Top of SOURCE MATERIAL
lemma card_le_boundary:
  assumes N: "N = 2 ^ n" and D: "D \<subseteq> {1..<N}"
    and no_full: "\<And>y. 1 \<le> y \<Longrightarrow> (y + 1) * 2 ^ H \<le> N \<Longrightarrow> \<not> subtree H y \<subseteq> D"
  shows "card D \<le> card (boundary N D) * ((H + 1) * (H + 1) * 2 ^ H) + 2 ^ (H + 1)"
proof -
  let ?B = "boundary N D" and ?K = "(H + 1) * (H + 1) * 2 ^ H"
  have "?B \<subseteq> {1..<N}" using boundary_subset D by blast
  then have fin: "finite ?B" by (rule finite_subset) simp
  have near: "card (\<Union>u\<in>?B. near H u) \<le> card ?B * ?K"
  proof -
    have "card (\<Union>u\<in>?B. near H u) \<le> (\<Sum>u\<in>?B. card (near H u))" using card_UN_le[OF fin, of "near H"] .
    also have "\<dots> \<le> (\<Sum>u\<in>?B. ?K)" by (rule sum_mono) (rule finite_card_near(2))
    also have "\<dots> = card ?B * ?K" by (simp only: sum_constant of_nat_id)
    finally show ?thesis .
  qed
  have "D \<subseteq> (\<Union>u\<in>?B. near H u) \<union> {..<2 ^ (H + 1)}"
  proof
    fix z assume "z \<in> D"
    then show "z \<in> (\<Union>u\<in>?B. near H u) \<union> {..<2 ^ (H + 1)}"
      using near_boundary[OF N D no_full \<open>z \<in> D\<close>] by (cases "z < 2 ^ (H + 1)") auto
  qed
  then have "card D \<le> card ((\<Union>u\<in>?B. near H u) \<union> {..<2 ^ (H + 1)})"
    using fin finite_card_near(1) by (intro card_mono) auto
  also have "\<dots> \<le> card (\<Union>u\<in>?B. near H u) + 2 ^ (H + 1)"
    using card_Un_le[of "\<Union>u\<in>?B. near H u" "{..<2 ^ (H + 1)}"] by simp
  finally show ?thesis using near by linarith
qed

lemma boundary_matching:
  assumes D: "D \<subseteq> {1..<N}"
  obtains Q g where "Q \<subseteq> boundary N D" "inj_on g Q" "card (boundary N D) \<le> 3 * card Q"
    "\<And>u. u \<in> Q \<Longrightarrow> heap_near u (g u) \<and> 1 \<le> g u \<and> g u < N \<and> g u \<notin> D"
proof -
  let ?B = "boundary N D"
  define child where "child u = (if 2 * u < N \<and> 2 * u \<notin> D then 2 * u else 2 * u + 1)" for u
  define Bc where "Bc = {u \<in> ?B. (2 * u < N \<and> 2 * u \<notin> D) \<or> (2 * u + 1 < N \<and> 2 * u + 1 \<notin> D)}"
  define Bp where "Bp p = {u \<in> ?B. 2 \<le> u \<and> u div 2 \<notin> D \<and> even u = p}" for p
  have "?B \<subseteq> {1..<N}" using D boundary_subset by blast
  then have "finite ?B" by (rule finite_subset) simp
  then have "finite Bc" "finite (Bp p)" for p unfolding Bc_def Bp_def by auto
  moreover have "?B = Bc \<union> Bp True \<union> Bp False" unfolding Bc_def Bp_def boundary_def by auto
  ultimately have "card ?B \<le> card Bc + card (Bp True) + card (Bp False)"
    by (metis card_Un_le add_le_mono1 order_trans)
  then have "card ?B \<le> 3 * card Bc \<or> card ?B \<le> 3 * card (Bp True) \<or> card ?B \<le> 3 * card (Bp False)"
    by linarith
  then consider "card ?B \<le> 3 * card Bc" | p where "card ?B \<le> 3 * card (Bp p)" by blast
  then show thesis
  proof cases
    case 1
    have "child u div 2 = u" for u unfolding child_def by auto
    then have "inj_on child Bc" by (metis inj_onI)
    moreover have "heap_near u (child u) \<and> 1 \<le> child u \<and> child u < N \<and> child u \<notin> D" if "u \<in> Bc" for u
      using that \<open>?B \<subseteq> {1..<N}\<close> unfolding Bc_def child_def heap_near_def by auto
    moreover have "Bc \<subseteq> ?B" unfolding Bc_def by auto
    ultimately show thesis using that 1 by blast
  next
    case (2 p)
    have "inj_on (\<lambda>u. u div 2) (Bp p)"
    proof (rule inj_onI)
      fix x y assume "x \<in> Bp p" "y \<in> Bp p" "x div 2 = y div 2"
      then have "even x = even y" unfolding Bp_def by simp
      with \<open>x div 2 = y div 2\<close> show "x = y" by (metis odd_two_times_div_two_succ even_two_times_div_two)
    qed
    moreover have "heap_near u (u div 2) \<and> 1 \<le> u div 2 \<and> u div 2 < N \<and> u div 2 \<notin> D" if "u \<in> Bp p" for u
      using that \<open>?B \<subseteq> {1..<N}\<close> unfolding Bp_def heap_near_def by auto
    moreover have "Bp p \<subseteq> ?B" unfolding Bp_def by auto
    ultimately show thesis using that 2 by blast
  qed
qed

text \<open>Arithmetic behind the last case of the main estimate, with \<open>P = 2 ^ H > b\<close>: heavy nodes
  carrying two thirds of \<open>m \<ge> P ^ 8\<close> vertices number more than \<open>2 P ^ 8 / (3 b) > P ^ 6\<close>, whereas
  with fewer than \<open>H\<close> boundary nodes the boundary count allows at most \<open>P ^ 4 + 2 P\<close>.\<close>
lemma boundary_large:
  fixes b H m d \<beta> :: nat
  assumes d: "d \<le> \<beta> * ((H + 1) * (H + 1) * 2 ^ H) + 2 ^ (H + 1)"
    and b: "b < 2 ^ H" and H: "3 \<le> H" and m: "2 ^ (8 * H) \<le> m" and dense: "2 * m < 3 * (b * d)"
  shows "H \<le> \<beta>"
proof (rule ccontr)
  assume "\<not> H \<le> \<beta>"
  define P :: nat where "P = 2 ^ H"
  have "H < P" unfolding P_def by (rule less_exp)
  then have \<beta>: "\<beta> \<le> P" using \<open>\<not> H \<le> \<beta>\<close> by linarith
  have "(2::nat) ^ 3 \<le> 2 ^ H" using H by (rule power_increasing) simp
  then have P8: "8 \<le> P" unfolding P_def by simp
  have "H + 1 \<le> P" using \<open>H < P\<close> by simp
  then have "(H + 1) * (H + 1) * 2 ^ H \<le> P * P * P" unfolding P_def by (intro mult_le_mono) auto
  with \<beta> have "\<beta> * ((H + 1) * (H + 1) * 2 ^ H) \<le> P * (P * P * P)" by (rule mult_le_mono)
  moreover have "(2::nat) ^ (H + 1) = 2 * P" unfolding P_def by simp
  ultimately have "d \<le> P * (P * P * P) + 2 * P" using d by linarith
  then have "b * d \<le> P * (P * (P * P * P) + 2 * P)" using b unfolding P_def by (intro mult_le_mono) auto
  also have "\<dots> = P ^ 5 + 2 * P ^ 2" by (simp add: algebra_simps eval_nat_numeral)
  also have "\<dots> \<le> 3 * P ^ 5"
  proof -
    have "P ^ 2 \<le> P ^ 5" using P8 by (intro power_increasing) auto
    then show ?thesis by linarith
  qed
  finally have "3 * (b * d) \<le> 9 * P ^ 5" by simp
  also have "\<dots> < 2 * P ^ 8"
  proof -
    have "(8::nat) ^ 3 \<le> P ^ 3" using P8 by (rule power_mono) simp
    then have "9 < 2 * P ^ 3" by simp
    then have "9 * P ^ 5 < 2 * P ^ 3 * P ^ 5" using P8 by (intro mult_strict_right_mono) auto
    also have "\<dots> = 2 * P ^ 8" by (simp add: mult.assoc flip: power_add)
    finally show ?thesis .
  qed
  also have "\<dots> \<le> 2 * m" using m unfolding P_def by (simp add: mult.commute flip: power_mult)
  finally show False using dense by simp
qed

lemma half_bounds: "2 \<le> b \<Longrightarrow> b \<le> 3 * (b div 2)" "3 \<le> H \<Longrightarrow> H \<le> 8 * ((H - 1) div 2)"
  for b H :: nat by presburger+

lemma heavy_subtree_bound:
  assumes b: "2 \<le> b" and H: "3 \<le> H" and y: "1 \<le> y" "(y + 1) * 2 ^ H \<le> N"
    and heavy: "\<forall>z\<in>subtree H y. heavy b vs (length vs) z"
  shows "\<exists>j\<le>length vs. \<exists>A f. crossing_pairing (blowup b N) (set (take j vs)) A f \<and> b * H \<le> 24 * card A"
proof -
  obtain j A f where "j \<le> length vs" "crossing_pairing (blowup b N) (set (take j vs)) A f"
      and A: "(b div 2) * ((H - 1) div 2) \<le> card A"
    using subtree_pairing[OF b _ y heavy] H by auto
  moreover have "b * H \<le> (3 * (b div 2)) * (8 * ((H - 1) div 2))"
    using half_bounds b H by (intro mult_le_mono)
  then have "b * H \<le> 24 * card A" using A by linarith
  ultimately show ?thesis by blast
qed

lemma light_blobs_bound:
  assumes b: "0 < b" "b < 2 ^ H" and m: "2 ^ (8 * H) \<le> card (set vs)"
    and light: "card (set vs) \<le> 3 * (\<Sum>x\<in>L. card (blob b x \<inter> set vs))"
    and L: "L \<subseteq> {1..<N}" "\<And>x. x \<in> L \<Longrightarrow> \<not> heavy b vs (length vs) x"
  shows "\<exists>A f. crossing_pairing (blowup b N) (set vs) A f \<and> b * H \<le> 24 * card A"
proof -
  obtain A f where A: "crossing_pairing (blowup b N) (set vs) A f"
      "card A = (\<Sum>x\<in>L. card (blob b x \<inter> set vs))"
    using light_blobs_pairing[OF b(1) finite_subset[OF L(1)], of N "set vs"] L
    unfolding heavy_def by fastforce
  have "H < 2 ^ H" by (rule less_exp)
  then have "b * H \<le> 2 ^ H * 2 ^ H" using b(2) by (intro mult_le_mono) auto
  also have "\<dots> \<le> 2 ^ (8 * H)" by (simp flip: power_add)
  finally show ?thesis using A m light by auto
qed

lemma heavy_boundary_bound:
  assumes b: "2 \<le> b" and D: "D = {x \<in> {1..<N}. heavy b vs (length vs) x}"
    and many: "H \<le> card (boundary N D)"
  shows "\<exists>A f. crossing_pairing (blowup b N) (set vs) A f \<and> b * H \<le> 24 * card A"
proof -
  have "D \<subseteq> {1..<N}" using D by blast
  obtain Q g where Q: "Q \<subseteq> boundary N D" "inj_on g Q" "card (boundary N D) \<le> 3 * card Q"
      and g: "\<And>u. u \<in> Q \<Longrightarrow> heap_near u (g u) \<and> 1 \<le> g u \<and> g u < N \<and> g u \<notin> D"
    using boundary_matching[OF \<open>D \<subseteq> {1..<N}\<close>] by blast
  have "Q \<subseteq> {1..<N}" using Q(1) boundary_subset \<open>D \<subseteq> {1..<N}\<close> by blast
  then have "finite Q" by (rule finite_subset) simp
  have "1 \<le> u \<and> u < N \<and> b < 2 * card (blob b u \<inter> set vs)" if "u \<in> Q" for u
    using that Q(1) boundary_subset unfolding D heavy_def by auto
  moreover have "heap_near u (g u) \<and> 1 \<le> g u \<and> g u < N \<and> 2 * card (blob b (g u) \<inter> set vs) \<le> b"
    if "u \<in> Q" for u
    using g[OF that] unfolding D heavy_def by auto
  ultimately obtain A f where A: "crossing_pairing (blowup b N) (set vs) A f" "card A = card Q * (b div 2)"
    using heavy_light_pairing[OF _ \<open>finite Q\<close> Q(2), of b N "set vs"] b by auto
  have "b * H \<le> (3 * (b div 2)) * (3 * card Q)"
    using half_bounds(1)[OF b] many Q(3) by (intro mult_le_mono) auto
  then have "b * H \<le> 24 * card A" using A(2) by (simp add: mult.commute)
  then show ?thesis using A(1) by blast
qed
Bottom of SOURCE MATERIAL
Top of SOURCE MATERIAL
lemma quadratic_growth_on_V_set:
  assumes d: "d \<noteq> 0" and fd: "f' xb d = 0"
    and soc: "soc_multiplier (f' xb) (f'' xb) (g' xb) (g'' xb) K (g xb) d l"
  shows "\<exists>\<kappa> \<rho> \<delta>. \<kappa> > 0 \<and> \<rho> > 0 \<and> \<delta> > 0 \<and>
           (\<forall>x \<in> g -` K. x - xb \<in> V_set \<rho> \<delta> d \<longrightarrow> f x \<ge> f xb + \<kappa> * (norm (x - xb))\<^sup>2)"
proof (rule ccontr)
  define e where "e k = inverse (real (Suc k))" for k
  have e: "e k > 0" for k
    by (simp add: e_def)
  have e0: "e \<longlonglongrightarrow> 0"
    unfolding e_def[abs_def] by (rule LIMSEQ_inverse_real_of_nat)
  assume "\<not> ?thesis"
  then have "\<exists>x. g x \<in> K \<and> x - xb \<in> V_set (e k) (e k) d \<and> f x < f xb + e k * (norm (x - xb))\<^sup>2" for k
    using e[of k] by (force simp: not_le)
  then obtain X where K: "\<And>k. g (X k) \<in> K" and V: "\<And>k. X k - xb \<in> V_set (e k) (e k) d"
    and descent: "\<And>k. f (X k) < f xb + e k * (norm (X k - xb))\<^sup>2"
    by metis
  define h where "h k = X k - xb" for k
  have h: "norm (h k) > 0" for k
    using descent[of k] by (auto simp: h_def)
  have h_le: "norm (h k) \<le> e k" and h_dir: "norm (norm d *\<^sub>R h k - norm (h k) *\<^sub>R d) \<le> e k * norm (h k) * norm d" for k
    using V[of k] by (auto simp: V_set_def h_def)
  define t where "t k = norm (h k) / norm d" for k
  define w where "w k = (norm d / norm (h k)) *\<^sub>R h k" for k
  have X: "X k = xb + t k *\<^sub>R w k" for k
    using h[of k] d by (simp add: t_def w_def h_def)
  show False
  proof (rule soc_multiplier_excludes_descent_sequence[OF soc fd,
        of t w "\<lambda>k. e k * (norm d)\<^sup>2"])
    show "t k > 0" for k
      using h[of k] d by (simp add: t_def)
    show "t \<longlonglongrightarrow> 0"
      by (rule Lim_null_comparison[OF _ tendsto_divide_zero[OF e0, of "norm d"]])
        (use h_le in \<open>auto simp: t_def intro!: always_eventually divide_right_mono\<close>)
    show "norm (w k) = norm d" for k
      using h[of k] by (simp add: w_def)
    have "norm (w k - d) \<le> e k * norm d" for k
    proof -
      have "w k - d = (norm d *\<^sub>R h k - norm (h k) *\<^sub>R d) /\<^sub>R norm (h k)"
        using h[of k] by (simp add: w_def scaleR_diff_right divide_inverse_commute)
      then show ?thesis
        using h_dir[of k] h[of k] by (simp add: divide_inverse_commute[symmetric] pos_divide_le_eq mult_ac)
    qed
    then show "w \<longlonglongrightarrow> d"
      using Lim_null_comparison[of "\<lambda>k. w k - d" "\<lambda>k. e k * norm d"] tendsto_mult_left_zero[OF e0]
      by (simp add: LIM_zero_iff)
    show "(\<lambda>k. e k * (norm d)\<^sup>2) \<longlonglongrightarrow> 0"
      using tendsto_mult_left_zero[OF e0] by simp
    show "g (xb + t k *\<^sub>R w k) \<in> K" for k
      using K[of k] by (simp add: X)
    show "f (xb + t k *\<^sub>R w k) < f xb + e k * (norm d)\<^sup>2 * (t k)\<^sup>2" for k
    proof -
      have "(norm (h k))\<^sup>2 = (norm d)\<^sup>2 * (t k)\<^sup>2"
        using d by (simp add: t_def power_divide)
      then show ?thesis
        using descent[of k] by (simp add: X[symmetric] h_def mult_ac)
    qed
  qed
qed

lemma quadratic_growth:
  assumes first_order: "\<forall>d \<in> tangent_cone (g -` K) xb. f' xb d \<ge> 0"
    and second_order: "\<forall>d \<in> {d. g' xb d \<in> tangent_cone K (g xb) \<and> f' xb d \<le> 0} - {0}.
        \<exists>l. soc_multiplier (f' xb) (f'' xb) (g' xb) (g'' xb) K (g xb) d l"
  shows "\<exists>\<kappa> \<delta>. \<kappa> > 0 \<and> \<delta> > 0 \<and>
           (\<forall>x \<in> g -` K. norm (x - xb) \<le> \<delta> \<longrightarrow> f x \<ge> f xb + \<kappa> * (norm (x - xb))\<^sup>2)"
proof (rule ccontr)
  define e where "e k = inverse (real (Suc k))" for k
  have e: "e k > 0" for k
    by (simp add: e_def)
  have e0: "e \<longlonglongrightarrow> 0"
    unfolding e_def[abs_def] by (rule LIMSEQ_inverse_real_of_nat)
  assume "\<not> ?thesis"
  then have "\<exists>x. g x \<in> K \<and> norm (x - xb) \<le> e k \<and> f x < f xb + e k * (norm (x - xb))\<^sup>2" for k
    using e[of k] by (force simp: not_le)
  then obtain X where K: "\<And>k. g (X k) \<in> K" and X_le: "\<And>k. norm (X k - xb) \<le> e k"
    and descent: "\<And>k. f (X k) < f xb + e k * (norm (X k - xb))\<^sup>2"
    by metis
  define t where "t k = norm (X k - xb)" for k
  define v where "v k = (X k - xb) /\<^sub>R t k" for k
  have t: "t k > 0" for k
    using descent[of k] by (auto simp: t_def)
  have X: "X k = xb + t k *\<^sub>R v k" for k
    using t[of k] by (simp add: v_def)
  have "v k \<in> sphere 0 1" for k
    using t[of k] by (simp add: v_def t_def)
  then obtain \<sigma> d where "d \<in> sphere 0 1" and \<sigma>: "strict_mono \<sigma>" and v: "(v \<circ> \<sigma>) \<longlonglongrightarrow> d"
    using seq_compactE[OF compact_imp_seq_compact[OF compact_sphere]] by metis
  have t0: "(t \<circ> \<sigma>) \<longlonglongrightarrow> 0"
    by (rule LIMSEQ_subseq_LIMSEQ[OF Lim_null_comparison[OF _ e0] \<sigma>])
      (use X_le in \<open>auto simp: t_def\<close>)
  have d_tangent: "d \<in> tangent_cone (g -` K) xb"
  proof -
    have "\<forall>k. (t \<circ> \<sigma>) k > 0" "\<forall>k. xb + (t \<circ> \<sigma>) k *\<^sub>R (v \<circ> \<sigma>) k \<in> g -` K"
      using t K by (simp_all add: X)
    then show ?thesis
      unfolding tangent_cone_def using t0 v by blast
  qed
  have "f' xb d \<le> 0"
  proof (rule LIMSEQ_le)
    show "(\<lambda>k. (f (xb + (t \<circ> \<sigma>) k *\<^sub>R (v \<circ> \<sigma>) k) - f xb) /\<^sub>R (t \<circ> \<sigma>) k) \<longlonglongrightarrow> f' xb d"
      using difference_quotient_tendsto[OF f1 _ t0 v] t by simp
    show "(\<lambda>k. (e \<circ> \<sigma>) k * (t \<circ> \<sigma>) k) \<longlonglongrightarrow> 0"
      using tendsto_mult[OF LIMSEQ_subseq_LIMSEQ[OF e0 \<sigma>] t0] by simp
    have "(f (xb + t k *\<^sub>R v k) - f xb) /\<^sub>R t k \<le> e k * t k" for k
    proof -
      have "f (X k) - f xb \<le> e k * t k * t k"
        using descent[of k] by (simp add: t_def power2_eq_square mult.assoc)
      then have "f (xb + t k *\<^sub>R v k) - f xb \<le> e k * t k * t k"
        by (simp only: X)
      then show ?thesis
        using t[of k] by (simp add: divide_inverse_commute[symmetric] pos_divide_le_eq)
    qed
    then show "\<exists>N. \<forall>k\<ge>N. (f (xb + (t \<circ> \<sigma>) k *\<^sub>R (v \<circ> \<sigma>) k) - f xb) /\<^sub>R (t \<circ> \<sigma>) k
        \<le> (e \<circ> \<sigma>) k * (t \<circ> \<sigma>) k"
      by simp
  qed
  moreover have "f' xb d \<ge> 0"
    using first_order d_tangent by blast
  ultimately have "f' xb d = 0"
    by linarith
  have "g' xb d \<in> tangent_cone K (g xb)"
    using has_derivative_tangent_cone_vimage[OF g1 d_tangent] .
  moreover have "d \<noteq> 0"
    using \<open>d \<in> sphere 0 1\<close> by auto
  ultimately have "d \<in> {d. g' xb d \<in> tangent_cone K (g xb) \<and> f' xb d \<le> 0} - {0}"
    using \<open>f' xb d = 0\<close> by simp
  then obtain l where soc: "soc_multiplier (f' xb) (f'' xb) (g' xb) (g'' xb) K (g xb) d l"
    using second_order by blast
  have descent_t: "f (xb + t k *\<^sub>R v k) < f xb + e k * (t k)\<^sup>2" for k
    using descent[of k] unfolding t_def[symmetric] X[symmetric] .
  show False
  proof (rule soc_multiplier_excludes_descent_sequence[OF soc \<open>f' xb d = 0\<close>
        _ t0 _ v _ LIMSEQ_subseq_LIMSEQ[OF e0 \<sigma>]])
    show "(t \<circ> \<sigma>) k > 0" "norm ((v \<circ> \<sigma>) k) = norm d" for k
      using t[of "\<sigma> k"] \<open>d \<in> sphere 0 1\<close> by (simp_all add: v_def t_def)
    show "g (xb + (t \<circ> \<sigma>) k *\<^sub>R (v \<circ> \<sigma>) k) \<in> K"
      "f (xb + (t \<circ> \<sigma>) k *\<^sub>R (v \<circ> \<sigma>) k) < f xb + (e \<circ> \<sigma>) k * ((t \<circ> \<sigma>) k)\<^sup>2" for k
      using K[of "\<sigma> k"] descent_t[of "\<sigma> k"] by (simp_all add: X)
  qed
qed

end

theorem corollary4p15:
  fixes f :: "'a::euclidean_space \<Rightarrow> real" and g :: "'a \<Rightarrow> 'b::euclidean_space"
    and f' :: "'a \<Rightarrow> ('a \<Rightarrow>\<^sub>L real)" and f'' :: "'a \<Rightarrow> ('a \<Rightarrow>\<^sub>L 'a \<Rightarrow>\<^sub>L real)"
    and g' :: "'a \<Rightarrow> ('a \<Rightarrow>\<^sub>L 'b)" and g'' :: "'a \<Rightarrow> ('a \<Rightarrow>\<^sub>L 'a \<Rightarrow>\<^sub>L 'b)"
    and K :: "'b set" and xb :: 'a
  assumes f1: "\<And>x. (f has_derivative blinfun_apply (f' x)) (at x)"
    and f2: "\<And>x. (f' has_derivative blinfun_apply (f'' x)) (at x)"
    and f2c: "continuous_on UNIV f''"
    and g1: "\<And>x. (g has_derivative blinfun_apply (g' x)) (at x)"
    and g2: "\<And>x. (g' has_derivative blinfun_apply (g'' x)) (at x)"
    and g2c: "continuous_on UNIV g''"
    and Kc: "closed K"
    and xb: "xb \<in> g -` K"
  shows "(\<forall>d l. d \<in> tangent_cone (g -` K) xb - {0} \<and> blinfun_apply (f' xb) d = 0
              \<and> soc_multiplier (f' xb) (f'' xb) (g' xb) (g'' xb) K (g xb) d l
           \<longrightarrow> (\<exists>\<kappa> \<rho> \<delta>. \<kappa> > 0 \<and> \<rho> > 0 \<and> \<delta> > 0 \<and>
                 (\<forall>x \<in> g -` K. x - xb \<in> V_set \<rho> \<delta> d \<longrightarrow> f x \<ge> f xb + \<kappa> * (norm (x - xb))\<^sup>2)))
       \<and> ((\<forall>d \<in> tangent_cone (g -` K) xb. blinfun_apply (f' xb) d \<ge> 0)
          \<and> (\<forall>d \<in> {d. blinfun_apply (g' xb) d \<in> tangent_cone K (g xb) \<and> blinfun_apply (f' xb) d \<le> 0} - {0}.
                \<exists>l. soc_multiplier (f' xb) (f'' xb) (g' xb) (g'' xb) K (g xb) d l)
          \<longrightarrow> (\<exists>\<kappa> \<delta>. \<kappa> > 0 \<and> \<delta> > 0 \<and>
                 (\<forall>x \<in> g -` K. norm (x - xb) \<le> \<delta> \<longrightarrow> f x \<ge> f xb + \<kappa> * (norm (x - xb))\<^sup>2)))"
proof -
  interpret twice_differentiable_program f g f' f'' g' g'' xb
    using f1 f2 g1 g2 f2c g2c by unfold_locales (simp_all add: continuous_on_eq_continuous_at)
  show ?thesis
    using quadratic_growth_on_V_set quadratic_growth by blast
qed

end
Bottom of SOURCE MATERIAL
• **EXERCISE GOAL**:
Go to the line with "H) \<le> card" in the entries above and repeat every line from there through the line with "A = (\<Sum>x\<in>L.", exactly and with no other text.

• **ANSWER TO THIS EXERCISE**:
  assumes b: "0 < b" "b < 2 ^ H" and m: "2 ^ (8 * H) \<le> card (set vs)"
    and light: "card (set vs) \<le> 3 * (\<Sum>x\<in>L. card (blob b x \<inter> set vs))"
    and L: "L \<subseteq> {1..<N}" "\<And>x. x \<in> L \<Longrightarrow> \<not> heavy b vs (length vs) x"
  shows "\<exists>A f. crossing_pairing (blowup b N) (set vs) A f \<and> b * H \<le> 24 * card A"
proof -
  obtain A f where A: "crossing_pairing (blowup b N) (set vs) A f"
      "card A = (\<Sum>x\<in>L. card (blob b x \<inter> set vs))"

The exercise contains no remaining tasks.